Stored data
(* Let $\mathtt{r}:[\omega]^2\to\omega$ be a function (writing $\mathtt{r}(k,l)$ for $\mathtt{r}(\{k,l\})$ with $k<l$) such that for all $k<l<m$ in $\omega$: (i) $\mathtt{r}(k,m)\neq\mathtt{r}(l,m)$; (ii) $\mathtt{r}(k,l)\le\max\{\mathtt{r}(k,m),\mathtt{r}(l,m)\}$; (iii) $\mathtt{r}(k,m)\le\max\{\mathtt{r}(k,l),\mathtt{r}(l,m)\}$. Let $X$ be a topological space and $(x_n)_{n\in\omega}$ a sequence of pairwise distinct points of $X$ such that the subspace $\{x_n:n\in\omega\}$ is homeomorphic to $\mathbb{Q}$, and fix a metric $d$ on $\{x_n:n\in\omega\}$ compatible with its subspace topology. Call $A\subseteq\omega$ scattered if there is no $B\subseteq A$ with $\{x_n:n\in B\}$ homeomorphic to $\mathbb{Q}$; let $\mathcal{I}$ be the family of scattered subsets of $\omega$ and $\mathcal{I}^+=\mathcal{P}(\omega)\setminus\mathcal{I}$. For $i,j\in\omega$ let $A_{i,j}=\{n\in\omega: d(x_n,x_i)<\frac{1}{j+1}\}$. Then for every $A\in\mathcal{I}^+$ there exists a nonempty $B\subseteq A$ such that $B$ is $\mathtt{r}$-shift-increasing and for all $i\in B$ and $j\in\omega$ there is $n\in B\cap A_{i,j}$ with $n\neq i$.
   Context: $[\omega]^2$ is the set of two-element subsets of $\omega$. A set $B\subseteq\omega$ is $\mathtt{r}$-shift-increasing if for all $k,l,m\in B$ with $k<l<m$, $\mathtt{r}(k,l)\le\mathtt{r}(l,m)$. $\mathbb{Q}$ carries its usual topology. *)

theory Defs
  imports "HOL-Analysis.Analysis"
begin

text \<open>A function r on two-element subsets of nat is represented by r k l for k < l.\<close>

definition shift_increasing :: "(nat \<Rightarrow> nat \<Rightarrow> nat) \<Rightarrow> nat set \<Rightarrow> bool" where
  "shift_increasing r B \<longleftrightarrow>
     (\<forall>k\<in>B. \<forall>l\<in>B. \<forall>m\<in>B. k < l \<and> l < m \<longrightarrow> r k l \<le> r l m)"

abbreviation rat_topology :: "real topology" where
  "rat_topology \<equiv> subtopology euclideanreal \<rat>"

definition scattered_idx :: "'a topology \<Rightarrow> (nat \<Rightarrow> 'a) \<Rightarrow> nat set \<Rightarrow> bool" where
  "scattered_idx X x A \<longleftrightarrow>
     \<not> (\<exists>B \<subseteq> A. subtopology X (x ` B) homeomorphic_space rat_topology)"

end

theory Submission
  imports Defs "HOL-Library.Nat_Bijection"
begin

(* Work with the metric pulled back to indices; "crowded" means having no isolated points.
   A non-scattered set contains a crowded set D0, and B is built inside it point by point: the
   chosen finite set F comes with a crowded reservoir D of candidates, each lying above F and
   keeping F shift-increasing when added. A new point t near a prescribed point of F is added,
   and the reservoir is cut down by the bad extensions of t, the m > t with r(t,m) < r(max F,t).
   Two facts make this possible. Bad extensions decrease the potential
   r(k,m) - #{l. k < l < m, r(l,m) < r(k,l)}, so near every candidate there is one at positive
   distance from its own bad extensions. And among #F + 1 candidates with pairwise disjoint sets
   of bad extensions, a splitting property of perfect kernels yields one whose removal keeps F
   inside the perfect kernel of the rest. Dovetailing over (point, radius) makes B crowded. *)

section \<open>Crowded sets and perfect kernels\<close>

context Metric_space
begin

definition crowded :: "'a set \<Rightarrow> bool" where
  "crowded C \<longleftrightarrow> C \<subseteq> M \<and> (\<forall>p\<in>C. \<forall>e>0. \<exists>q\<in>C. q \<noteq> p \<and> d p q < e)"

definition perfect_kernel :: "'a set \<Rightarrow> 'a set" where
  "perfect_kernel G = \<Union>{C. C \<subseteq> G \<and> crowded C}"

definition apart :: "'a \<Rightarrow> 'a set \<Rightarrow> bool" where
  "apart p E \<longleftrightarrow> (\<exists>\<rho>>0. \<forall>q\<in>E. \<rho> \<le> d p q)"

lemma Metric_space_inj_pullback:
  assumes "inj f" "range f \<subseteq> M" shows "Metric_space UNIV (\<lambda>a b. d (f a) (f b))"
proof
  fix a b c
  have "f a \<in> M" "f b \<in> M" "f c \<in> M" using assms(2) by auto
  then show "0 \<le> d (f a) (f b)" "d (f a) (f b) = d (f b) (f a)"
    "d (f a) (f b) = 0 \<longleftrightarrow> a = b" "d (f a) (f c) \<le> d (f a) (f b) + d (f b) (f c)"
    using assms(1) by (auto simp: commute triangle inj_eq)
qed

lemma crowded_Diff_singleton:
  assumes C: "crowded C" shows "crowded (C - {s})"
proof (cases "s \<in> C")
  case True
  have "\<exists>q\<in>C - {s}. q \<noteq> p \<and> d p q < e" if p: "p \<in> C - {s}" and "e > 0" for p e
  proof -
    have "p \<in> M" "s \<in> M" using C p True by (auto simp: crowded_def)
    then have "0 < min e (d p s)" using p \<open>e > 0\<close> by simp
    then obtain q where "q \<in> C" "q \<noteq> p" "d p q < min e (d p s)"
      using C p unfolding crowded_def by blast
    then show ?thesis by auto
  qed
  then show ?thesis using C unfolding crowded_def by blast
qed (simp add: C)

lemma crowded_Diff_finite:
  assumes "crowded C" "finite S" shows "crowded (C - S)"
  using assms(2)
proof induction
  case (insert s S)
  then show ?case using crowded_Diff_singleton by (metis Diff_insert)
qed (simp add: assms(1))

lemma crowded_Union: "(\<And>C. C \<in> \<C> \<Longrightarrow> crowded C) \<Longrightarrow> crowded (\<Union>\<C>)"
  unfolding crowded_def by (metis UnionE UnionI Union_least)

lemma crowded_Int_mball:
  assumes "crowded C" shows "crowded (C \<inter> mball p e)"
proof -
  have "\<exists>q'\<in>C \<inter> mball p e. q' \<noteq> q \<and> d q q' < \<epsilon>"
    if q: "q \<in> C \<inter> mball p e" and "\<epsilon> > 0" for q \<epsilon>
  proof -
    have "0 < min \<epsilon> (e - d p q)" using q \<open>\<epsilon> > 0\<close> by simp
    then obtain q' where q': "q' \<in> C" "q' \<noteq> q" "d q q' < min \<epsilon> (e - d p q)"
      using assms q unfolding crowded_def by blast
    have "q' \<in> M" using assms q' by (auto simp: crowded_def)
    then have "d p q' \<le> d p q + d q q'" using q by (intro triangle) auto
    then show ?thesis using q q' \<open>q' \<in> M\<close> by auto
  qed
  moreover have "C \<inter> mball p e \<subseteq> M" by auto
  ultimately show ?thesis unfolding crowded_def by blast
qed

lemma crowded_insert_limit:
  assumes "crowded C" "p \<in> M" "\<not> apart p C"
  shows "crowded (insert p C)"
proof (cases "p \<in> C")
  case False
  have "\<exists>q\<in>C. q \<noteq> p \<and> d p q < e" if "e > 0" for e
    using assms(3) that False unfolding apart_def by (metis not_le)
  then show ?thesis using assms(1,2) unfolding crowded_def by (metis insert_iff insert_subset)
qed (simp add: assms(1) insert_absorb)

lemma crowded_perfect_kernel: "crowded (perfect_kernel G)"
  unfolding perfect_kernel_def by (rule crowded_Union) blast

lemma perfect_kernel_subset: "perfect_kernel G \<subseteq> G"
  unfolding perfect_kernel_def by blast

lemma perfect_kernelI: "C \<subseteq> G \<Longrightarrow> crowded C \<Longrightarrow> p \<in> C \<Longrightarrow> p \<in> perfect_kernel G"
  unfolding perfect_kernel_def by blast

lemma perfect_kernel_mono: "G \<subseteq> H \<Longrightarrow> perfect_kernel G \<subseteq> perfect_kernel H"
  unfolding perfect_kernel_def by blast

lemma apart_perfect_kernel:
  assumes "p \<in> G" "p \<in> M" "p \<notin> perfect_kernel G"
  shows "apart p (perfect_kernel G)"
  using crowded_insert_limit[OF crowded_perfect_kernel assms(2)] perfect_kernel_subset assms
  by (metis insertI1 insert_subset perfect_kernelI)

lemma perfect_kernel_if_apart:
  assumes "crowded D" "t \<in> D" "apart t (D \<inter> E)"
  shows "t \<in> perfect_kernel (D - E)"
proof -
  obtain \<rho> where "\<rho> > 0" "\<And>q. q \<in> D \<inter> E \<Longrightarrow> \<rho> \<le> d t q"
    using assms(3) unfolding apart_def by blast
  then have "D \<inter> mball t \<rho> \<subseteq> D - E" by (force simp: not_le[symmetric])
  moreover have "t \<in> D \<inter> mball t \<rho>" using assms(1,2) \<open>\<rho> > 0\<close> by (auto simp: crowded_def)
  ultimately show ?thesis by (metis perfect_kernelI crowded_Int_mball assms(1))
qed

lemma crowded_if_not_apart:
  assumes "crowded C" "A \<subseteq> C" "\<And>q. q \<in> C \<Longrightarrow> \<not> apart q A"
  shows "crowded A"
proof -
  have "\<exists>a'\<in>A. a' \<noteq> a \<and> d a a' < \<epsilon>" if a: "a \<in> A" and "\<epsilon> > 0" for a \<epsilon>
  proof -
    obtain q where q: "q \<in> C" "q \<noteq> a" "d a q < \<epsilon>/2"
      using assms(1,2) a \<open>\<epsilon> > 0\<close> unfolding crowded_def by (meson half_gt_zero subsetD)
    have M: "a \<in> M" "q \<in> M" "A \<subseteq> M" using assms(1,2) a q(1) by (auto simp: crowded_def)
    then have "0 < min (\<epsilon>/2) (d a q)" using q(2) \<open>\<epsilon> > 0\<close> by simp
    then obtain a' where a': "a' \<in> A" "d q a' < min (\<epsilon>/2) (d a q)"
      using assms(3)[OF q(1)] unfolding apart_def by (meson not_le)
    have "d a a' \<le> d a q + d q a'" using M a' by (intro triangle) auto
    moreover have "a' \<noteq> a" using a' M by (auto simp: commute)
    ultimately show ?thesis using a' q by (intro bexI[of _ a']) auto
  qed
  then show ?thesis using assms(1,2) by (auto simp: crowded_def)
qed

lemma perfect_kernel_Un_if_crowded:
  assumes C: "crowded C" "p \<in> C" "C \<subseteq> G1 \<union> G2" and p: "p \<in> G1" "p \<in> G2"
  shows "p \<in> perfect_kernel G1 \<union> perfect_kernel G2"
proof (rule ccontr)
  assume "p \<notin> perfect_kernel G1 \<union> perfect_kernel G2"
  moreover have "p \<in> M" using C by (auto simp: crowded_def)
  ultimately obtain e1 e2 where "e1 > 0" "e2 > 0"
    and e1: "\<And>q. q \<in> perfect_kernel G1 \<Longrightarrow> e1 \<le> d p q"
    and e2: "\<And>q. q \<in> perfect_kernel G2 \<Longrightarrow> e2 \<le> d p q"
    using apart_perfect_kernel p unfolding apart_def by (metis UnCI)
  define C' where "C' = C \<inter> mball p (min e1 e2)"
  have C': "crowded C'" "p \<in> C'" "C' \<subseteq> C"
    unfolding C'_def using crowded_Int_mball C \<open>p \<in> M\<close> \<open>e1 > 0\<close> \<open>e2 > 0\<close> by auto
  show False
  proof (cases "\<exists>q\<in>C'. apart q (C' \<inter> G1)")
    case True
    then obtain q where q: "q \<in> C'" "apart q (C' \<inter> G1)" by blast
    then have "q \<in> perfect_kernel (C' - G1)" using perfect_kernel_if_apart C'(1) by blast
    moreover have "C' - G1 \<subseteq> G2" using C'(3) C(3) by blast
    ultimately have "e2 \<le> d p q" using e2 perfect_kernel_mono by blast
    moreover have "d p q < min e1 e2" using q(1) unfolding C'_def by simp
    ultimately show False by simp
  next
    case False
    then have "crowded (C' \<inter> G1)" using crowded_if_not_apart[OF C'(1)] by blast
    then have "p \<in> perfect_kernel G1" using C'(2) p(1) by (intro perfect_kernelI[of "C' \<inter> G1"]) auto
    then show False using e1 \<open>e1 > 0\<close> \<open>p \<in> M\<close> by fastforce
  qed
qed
--
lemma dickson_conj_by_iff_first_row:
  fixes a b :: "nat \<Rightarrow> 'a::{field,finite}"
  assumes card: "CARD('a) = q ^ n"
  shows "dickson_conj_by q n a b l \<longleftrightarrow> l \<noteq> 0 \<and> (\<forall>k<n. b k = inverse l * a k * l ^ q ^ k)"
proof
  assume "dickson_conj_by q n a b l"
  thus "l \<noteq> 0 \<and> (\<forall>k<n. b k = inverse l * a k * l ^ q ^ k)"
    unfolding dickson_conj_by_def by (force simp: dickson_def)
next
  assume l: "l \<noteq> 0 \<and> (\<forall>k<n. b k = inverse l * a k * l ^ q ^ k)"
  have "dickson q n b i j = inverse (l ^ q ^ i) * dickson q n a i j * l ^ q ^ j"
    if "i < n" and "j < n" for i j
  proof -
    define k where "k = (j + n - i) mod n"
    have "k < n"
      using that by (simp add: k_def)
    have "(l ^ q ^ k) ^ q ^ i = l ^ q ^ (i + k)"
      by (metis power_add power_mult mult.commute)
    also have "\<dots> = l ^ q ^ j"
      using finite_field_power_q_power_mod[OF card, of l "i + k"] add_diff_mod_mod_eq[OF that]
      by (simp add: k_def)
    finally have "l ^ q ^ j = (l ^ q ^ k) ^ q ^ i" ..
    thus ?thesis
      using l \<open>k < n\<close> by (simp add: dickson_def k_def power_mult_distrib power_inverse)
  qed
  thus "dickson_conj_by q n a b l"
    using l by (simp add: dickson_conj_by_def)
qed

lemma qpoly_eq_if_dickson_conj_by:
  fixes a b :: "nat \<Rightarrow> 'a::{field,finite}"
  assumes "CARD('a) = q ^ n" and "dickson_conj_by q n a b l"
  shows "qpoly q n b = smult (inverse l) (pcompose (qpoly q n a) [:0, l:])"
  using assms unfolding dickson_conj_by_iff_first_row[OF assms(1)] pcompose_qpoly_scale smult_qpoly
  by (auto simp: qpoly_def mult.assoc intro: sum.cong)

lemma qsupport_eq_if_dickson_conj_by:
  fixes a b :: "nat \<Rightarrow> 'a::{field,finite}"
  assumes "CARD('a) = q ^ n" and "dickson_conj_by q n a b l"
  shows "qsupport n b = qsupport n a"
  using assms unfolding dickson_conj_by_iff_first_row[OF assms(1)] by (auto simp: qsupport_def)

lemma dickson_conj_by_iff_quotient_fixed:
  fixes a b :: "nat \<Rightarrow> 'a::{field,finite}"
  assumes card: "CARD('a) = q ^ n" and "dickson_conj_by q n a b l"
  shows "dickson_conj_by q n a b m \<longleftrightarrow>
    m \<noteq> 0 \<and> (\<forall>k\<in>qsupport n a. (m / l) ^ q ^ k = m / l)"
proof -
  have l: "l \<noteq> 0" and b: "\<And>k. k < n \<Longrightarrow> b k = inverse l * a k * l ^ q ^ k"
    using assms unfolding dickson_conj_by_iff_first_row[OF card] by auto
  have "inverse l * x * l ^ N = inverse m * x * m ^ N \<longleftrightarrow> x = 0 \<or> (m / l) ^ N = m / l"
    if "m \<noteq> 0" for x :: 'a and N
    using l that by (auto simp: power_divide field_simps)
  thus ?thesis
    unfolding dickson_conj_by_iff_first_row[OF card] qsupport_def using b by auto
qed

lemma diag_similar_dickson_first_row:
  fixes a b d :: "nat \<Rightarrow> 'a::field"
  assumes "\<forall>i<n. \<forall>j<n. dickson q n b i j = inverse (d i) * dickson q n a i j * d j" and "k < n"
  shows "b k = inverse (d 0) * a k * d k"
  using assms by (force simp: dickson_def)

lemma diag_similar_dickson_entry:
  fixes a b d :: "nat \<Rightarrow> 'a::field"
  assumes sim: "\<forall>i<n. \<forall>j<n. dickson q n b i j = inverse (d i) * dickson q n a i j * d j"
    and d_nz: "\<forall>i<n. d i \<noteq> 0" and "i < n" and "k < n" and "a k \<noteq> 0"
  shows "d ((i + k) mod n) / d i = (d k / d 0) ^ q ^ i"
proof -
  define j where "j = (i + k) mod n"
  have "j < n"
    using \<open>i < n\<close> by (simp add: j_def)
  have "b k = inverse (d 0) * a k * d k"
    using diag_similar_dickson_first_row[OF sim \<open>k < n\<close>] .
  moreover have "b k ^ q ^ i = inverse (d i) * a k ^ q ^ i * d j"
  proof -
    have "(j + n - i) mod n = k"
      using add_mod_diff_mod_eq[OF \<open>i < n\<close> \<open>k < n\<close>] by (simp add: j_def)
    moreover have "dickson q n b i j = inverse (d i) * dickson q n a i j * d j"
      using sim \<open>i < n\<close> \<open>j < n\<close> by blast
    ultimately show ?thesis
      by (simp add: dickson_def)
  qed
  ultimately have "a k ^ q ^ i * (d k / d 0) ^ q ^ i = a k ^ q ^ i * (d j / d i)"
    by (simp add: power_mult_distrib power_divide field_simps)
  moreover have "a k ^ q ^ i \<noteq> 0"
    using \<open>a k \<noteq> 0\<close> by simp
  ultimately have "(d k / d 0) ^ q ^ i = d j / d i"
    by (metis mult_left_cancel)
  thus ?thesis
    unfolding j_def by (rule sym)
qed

> _EXERCISE_: Check the entries above line by line and return each one containing the word "notin".

> _RESULT BELOW_:
  assumes "p \<in> G" "p \<in> M" "p \<notin> perfect_kernel G"
  assume "p \<notin> perfect_kernel G1 \<union> perfect_kernel G2"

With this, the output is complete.